As introduced in MHM501, the regulatory oversight is significant for healthcare organizations and requires advanced compliance management. Students review current federal laws and regulations that affect healthcare organizations and focus on concepts for organizing and implementing compliance and risk management. Students will be able to analyze the wide range of regulations that affect the different areas of the healthcare industry and create guidelines for implementing effective programs to ensure compliance with them.

MHM 570
Long-Term Care in Organizations
3 Credits

This course examines the delivery of Long-Term Care (LTC) within various health care settings. It reviews the implications of longevity found within demographic data, while analyzing the need for further governmental intervention and the allocation of funds required to effectively administer care to an aging society.
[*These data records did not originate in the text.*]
lemma lipschitz_on_mult_compact:
  fixes f g :: "'a::metric_space \<Rightarrow> real"
  assumes K: "compact K" and f: "F-lipschitz_on K f" and g: "G-lipschitz_on K g"
  obtains L where "L-lipschitz_on K (\<lambda>x. f x * g x)"
proof -
  obtain A where A: "A > 0" "\<And>x. x \<in> K \<Longrightarrow> \<bar>f x\<bar> \<le> A"
    using compact_imp_bounded[OF compact_continuous_image[OF lipschitz_on_continuous_on[OF f] K]]
    by (auto simp: bounded_pos)
  obtain B where B: "B > 0" "\<And>x. x \<in> K \<Longrightarrow> \<bar>g x\<bar> \<le> B"
    using compact_imp_bounded[OF compact_continuous_image[OF lipschitz_on_continuous_on[OF g] K]]
    by (auto simp: bounded_pos)
  have "(A * G + F * B)-lipschitz_on K (\<lambda>x. f x * g x)"
  proof (rule lipschitz_onI)
    fix x y assume xy: "x \<in> K" "y \<in> K"
    have "f x * g x - f y * g y = f x * (g x - g y) + (f x - f y) * g y"
      by (simp add: algebra_simps)
    then have "\<bar>f x * g x - f y * g y\<bar> \<le> \<bar>f x\<bar> * \<bar>g x - g y\<bar> + \<bar>f x - f y\<bar> * \<bar>g y\<bar>"
      by (metis abs_mult abs_triangle_ineq)
    also have "\<dots> \<le> A * (G * dist x y) + (F * dist x y) * B"
      using xy A B lipschitz_onD[OF f xy] lipschitz_onD[OF g xy]
      by (intro add_mono mult_mono) (auto simp: dist_real_def)
    finally show "dist (f x * g x) (f y * g y) \<le> (A * G + F * B) * dist x y"
      by (simp add: dist_real_def algebra_simps)
  qed (use A B lipschitz_on_nonneg[OF f] lipschitz_on_nonneg[OF g] in simp)
  then show ?thesis by (rule that)
qed

lemma linear_real_expansion:
  fixes D :: "'a::euclidean_space \<Rightarrow> real"
  assumes "linear D"
  shows "D v = (\<Sum>b\<in>Basis. (v \<bullet> b) * D b)"
proof -
  have "D v = D (\<Sum>b\<in>Basis. (v \<bullet> b) *\<^sub>R b)" by (simp add: euclidean_representation)
  also have "\<dots> = (\<Sum>b\<in>Basis. (v \<bullet> b) * D b)"
    using assms by (simp add: linear_sum linear_scale)
  finally show ?thesis .
qed

lemma lipschitz_on_inner_Basis:
  fixes V :: "'a::metric_space \<Rightarrow> 'b::euclidean_space"
  assumes "L-lipschitz_on K V" "b \<in> Basis"
  shows "L-lipschitz_on K (\<lambda>x. V x \<bullet> b)"
proof (rule lipschitz_onI)
  fix x y assume "x \<in> K" "y \<in> K"
  have "\<bar>(V x - V y) \<bullet> b\<bar> \<le> norm (V x - V y)" by (rule Basis_le_norm[OF assms(2)])
  also have "\<dots> \<le> L * dist x y"
    using lipschitz_onD[OF assms(1) \<open>x \<in> K\<close> \<open>y \<in> K\<close>] by (simp add: dist_norm)
  finally show "dist (V x \<bullet> b) (V y \<bullet> b) \<le> L * dist x y"
    by (simp add: dist_real_def inner_diff_left)
qed (rule lipschitz_on_nonneg[OF assms(1)])

lemma lipschitz_on_frechet_derivative_apply:
  fixes \<phi> :: "'a::euclidean_space \<Rightarrow> real" and V :: "'a \<Rightarrow> 'a"
  assumes \<phi>: "Ck_on (Suc (Suc j)) U \<phi>" and V: "Ck_on (Suc k) U V" and U: "open U"
    and K: "compact K" "convex K" "K \<subseteq> U"
  obtains L where "L-lipschitz_on K (\<lambda>x. frechet_derivative \<phi> (at x) (V x))"
proof -
  obtain LV where LV: "LV-lipschitz_on K V"
    using Ck_on_Suc_lipschitz_on_compact_convex[OF V U K] .
  have "\<forall>b\<in>Basis. \<exists>L. L-lipschitz_on K (\<lambda>x. (V x \<bullet> b) * frechet_derivative \<phi> (at x) b)"
  proof
    fix b :: 'a assume b: "b \<in> Basis"
    have "LV-lipschitz_on K (\<lambda>x. V x \<bullet> b)" by (rule lipschitz_on_inner_Basis[OF LV b])
    moreover have "Ck_on (Suc j) U (\<lambda>x. frechet_derivative \<phi> (at x) b)"
      using \<phi> b by simp
    then obtain LD where "LD-lipschitz_on K (\<lambda>x. frechet_derivative \<phi> (at x) b)"
      by (rule Ck_on_Suc_lipschitz_on_compact_convex[OF _ U K])
    ultimately show "\<exists>L. L-lipschitz_on K (\<lambda>x. (V x \<bullet> b) * frechet_derivative \<phi> (at x) b)"
      by (blast intro: lipschitz_on_mult_compact[OF K(1)])
  qed
  from bchoice[OF this] obtain Lb where Lb: "\<forall>b\<in>Basis.
      (Lb b)-lipschitz_on K (\<lambda>x. (V x \<bullet> b) * frechet_derivative \<phi> (at x) b)"
    by blast
  have expand: "frechet_derivative \<phi> (at x) (V x) =
      (\<Sum>b\<in>Basis. (V x \<bullet> b) * frechet_derivative \<phi> (at x) b)" if "x \<in> K" for x
  proof (rule linear_real_expansion)
    show "linear (frechet_derivative \<phi> (at x))"
      using that K(3) Ck_on_Suc_has_derivative[OF \<phi> U] has_derivative_linear by blast
  qed
  have "(\<Sum>b\<in>Basis. Lb b)-lipschitz_on K (\<lambda>x. frechet_derivative \<phi> (at x) (V x))"
    using lipschitz_on_sum[of Basis Lb K, OF Lb[rule_format]] expand by (rule lipschitz_on_transform)
  then show ?thesis by (rule that)
qed

section \<open>Autonomous ODEs with a Lipschitz field\<close>

lemma norm_diff_le_of_vector_derivative_bound:
  fixes u :: "real \<Rightarrow> 'a::real_normed_vector"
  assumes "\<And>t. (u has_vector_derivative u' t) (at t)" "\<And>t. norm (u' t) \<le> M"
  shows "norm (u t - u s) \<le> M * \<bar>t - s\<bar>"
proof -
  have "norm (u t - u s) \<le> M * norm (t - s)"
  proof (rule differentiable_bound[of "closed_segment s t" u "\<lambda>x h. h *\<^sub>R u' x"])
    fix x
    show "(u has_derivative (\<lambda>h. h *\<^sub>R u' x)) (at x within closed_segment s t)"
      using assms(1)[of x] by (simp add: has_vector_derivative_def has_derivative_at_withinI)
    show "onorm (\<lambda>h. h *\<^sub>R u' x) \<le> M"
      using assms(2)[of x] by (simp add: onorm_scaleR_left[OF bounded_linear_ident] onorm_id)
  qed auto
  then show ?thesis by simp
qed
lemma total_recursive_prod_decode:
  assumes "total_recursive k G"
  shows total_recursive_fst_prod_decode [total_recursive_intros]:
      "total_recursive k (\<lambda>xs. fst (prod_decode (G xs)))"
    and total_recursive_snd_prod_decode [total_recursive_intros]:
      "total_recursive k (\<lambda>xs. snd (prod_decode (G xs)))"
proof -
  have "total_recursive (Suc 1) (\<lambda>ys. Suc (ys ! 1) - triangle (Suc (ys ! 0)))"
    by (intro total_recursive_intros) simp_all
  then have "total_recursive 1 (\<lambda>xs. LEAST d. Suc ((d # xs) ! 1) - triangle (Suc ((d # xs) ! 0)) = 0)"
    by (rule total_recursive_Least) (simp; blast intro: le_add2)
  then have diag: "total_recursive 1 (\<lambda>xs. LEAST d. xs ! 0 < triangle (Suc d))"
    by (rule total_recursive_cong) (simp add: less_Suc_eq_le)
  have "total_recursive 1 (\<lambda>xs. fst (prod_decode (xs ! 0)))"
    unfolding prod_decode_via_diagonal fst_conv by (intro total_recursive_intros diag) simp_all
  from total_recursive_compose1[OF this assms]
  show "total_recursive k (\<lambda>xs. fst (prod_decode (G xs)))" .
  have "total_recursive 1 (\<lambda>xs. snd (prod_decode (xs ! 0)))"
    unfolding prod_decode_via_diagonal snd_conv by (intro total_recursive_intros diag) simp_all
  from total_recursive_compose1[OF this assms]
  show "total_recursive k (\<lambda>xs. snd (prod_decode (G xs)))" .
qed

definition decidable_pred :: "nat \<Rightarrow> (nat list \<Rightarrow> bool) \<Rightarrow> bool" where
  "decidable_pred k P \<longleftrightarrow> (\<exists>F. total_recursive k F \<and> (\<forall>xs. length xs = k \<longrightarrow> (F xs = 0 \<longleftrightarrow> P xs)))"

lemma decidable_pred_eq [total_recursive_intros]:
  assumes "total_recursive k G" and "total_recursive k H"
  shows "decidable_pred k (\<lambda>xs. G xs = H xs)"
proof -
  have "total_recursive k (\<lambda>xs. (G xs - H xs) + (H xs - G xs))"
    using assms by (intro total_recursive_intros)
  then show ?thesis
    unfolding decidable_pred_def by (intro exI[of _ "\<lambda>xs. (G xs - H xs) + (H xs - G xs)"]) auto
qed

lemma decidable_pred_less [total_recursive_intros]:
  assumes "total_recursive k G" and "total_recursive k H"
  shows "decidable_pred k (\<lambda>xs. G xs < H xs)"
proof -
  have "total_recursive k (\<lambda>xs. Suc (G xs) - H xs)"
    using assms by (intro total_recursive_intros)
  then show ?thesis
    unfolding decidable_pred_def by (intro exI[of _ "\<lambda>xs. Suc (G xs) - H xs"]) auto
qed

lemma decidable_pred_conj [total_recursive_intros]:
  assumes "decidable_pred k P" and "decidable_pred k Q"
  shows "decidable_pred k (\<lambda>xs. P xs \<and> Q xs)"
proof -
  obtain F G where "total_recursive k F" "\<forall>xs. length xs = k \<longrightarrow> (F xs = 0 \<longleftrightarrow> P xs)"
    and "total_recursive k G" "\<forall>xs. length xs = k \<longrightarrow> (G xs = 0 \<longleftrightarrow> Q xs)"
    using assms unfolding decidable_pred_def by blast
  then show ?thesis
    unfolding decidable_pred_def
    by (intro exI[of _ "\<lambda>xs. F xs + G xs"]) (auto intro: total_recursive_add)
qed

section \<open>Search machines\<close>

lemma inj_scode: "inj scode"
proof (rule injI)
  show "scode x = scode y \<Longrightarrow> x = y" for x y
  proof (induction x arbitrary: y rule: scode.induct)
    case 1
    then show ?case by (cases y rule: scode.cases) auto
  next
    case (2 xs)
    then show ?case by (cases y rule: scode.cases) (auto, presburger)
  next
    case (3 xs)
    then show ?case by (cases y rule: scode.cases) (auto, presburger)
  qed
qed

lemma surj_scode: "surj scode"
proof -
  have "\<exists>x. scode x = n" for n
  proof (induction n rule: less_induct)
    case (less n)
    have "n = 0 \<or> (\<exists>k. n = 2 * k + 1) \<or> (\<exists>k. n = 2 * k + 2)"
      by presburger
    then consider "n = 0" | k where "n = 2 * k + 1" | k where "n = 2 * k + 2"
      by blast
    then show ?case
    proof cases
      case 1
      then show ?thesis by (intro exI[of _ "[]"]) simp
    next
      case (2 k)
      with less obtain x where "scode x = k" by fastforce
      with 2 show ?thesis by (intro exI[of _ "False # x"]) simp
    next
      case (3 k)
      with less obtain x where "scode x = k" by fastforce
      with 3 show ?thesis by (intro exI[of _ "True # x"]) simp
    qed
  qed
  then show ?thesis
    by (metis surjI)
qed

lemma inv_scode_scode [simp]: "inv scode (scode x) = x"
  by (rule inv_f_f[OF inj_scode])

lemma scode_inv_scode [simp]: "scode (inv scode n) = n"
  by (rule surj_f_inv_f[OF surj_scode])

definition unary_code :: "nat \<Rightarrow> bstr" where
  "unary_code m = replicate m True @ [False]"

lemma unary_code_append_eq: "unary_code m @ q = unary_code m' \<Longrightarrow> q = []"
  unfolding unary_code_def
proof (induction m arbitrary: m')
  case 0
  then show ?case by (cases m') auto
next
  case (Suc m)
  then show ?case by (cases m') auto
qed

lemma scode_unary_code_eq_iff [simp]: "scode (unary_code m) = scode (unary_code m') \<longleftrightarrow> m = m'"
  using inj_scode[THEN injD, of "unary_code m" "unary_code m'"]
  by (auto simp: unary_code_def dest: arg_cong[of _ _ length])

lemma total_recursive_scode_unary_code [total_recursive_intros]:
  assumes "total_recursive k G"
  shows "total_recursive k (\<lambda>xs. scode (unary_code (G xs)))"
proof -
  have "total_recursive 1 (\<lambda>xs. scode (unary_code (xs ! 0)))"
    by (rule total_recursive_nat_rec[where g = "\<lambda>y n. Suc (Suc (y + y))"])
      ((intro total_recursive_intros | simp add: unary_code_def)+)
  from total_recursive_compose1[OF this assms] show ?thesis .
qed

lemma prefix_free_machine_unary:
  assumes "\<And>p y. M p y \<noteq> None \<Longrightarrow> \<exists>m. p = unary_code m"
  shows "prefix_free_machine M"
  unfolding prefix_free_machine_def
  by (metis assms unary_code_append_eq)

definition search_machine :: "(nat \<Rightarrow> nat \<Rightarrow> nat \<Rightarrow> bool) \<Rightarrow> (nat \<Rightarrow> nat) \<Rightarrow> machine" where
  "search_machine P g p y =
     (if \<exists>w. P w (scode p) (scode y)
      then Some (inv scode (g (LEAST w. P w (scode p) (scode y)))) else None)"

lemma partial_computable_search_machine:
  assumes "decidable_pred 3 (\<lambda>xs. P (xs ! 0) (xs ! 1) (xs ! 2))"
    and "total_recursive 1 (\<lambda>xs. g (xs ! 0))"
  shows "partial_computable_machine (search_machine P g)"
proof -
  obtain F where F: "total_recursive (Suc 2) F"
    and P: "\<And>xs. length xs = 3 \<Longrightarrow> F xs = 0 \<longleftrightarrow> P (xs ! 0) (xs ! 1) (xs ! 2)"
    using assms(1) unfolding decidable_pred_def by auto
  obtain r where r: "computes r (Suc 2) F"
    using F unfolding total_recursive_def ..
  obtain rg where rg: "computes rg 1 (\<lambda>xs. g (xs ! 0))"
    using assms(2) unfolding total_recursive_def ..
  have "eval (Comp rg [Mn r]) [scode p, scode y] z \<longleftrightarrow>
      (\<exists>x. search_machine P g p y = Some x \<and> z = scode x)" for p y z
  proof -
    have "eval (Mn r) [scode p, scode y] n \<longleftrightarrow>
        (\<exists>w. P w (scode p) (scode y)) \<and> n = (LEAST w. P w (scode p) (scode y))" for n
      using eval_Mn_Least[OF r, of "[scode p, scode y]"] by (simp add: P)
    then show ?thesis
      unfolding eval_Comp_single_iff[OF rg] search_machine_def by auto
  qed
  then show ?thesis
    unfolding partial_computable_machine_def by blast
qed

lemma prefix_free_search_machine:
  assumes "\<And>w c y. P w c y \<Longrightarrow> \<exists>m. c = scode (unary_code m)"
  shows "prefix_free_machine (search_machine P g)"
proof (rule prefix_free_machine_unary)
  fix p y assume "search_machine P g p y \<noteq> None"
  then obtain m where "scode p = scode (unary_code m)"
    unfolding search_machine_def by (metis assms)
  then show "\<exists>m. p = unary_code m"
    using inj_scode[THEN injD] by blast
qed

definition decoder :: machine where
  "decoder = search_machine (\<lambda>w c _. c = scode (unary_code w)) (\<lambda>w. w)"

lemma decoder_unary_code: "decoder (unary_code (scode x)) y = Some x"
  by (simp add: decoder_def search_machine_def Least_equality)

lemma decoder_machine: "partial_computable_machine decoder" "prefix_free_machine decoder"
  unfolding decoder_def
  by (rule partial_computable_search_machine prefix_free_search_machine;
      (intro total_recursive_intros | simp)+)+

definition copier :: machine where
  "copier = search_machine (\<lambda>w c y. c = scode (unary_code 0) \<and> w = y) (\<lambda>w. w)"

lemma copier_unary_code: "copier (unary_code 0) y = Some y"
  by (simp add: copier_def search_machine_def Least_equality)

lemma copier_machine: "partial_computable_machine copier" "prefix_free_machine copier"
  unfolding copier_def
  by (rule partial_computable_search_machine prefix_free_search_machine;
      (intro total_recursive_intros | blast | simp)+)+

definition code_below :: "nat \<Rightarrow> nat \<Rightarrow> bool" where
  "code_below z k \<longleftrightarrow> fst (prod_decode z) * k < snd (prod_decode z)"

lemma decidable_pred_code_below [total_recursive_intros]:
  "total_recursive k G \<Longrightarrow> total_recursive k H \<Longrightarrow> decidable_pred k (\<lambda>xs. code_below (G xs) (H xs))"
  unfolding code_below_def by (intro total_recursive_intros)

lemma code_below_rcode_iff:
  fixes q :: rat
  assumes "0 \<le> q"
  shows "code_below (rcode q) k \<longleftrightarrow> q * of_nat k < 1"
proof -
  obtain a b where ab: "quotient_of q = (a, b)"
    by (cases "quotient_of q")
  have b: "0 < b" and q: "q = of_int a / of_int b"
    using quotient_of_denom_pos[OF ab] quotient_of_div[OF ab] by auto
  have a: "0 \<le> a"
    using assms b by (simp add: q zero_le_divide_iff)
  have "code_below (rcode q) k \<longleftrightarrow> nat a * k < nat b"
    using a b by (simp add: code_below_def rcode_def ab int_encode_def sum_encode_def)
  also have "\<dots> \<longleftrightarrow> a * int k < b"
    using a b by (subst of_nat_less_iff[where 'a = int, symmetric]) simp
  also have "\<dots> \<longleftrightarrow> (of_int (a * int k) :: rat) < of_int b"
    by (simp only: of_int_less_iff)
  also have "\<dots> \<longleftrightarrow> q * of_nat k < 1"
    using b by (simp add: q divide_less_eq)
  finally show ?thesis .
qed

lemma total_recursive_computable_rat3:
  assumes "computable_rat3 f"
  shows "total_recursive 3 (\<lambda>xs. rcode (f (inv scode (xs ! 0)) (inv scode (xs ! 1)) (xs ! 2)))"
proof -
  obtain r where r: "\<forall>x y s z. eval r [scode x, scode y, s] z \<longleftrightarrow> z = rcode (f x y s)"
    using assms unfolding computable_rat3_def ..
  have "computes r 3 (\<lambda>xs. rcode (f (inv scode (xs ! 0)) (inv scode (xs ! 1)) (xs ! 2)))"
    unfolding computes_def
  proof (intro allI impI)
    fix xs :: "nat list" and z assume "length xs = 3"
    then obtain a b s where xs: "xs = [a, b, s]"
      by (auto simp: numeral_3_eq_3 length_Suc_conv)
    show "eval r xs z \<longleftrightarrow> z = rcode (f (inv scode (xs ! 0)) (inv scode (xs ! 1)) (xs ! 2))"
      using r[rule_format, of "inv scode a" "inv scode b" s z] by (simp add: xs)
  qed
  then show ?thesis
    unfolding total_recursive_def ..
qed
This course provides an overview of long-term healthcare issues and the healthcare delivery programs designed for an aging population. Topics include the organizational arrangements for providing long-term care, the services provided in long-term care facilities, gerontology and geriatric medicine, social and behavioral aspects of the aging, and the roles of healthcare providers working with the elderly. Upon successful completion of this course, students will be able to identify the different types of organizations, populations, and services that make up the long-term healthcare system; discuss the impact of the elderly on the healthcare system, and describe the complex needs and unique aspects of caring for elderly patients.

MHM 580
Leadership in Healthcare
3 Credits

This course examines the dynamic nature of leadership in the healthcare and public health contexts. This course uses foundational leadership concepts to develop leadership applications and processes, such as leadership assessment (individual and team), communication improvement, strategic planning, decision making alignment, employee enhancement and knowledge management for use in creating and maintaining an organizational culture that can thrive within its external environment while improving organizational efficiency, effectiveness and efficacy.

MHM 600
Capstone: Strategic Planning in Healthcare
3 Credits

The goal of the course is to have students demonstrate a broad mastery of the knowledge and skills gained throughout the MHM program. This class is a combination of a traditional healthcare strategic management class and a final research project. The project requires students to examine an external healthcare organization and apply healthcare strategic management techniques to support a successful organization and the provision of increased quality of care. Students will identify and analyze specific real-world organizational challenges associated with managing an organization, in light of policy mandates; ultimately developing a research project focusing on strategic problem resolution and effective implementation.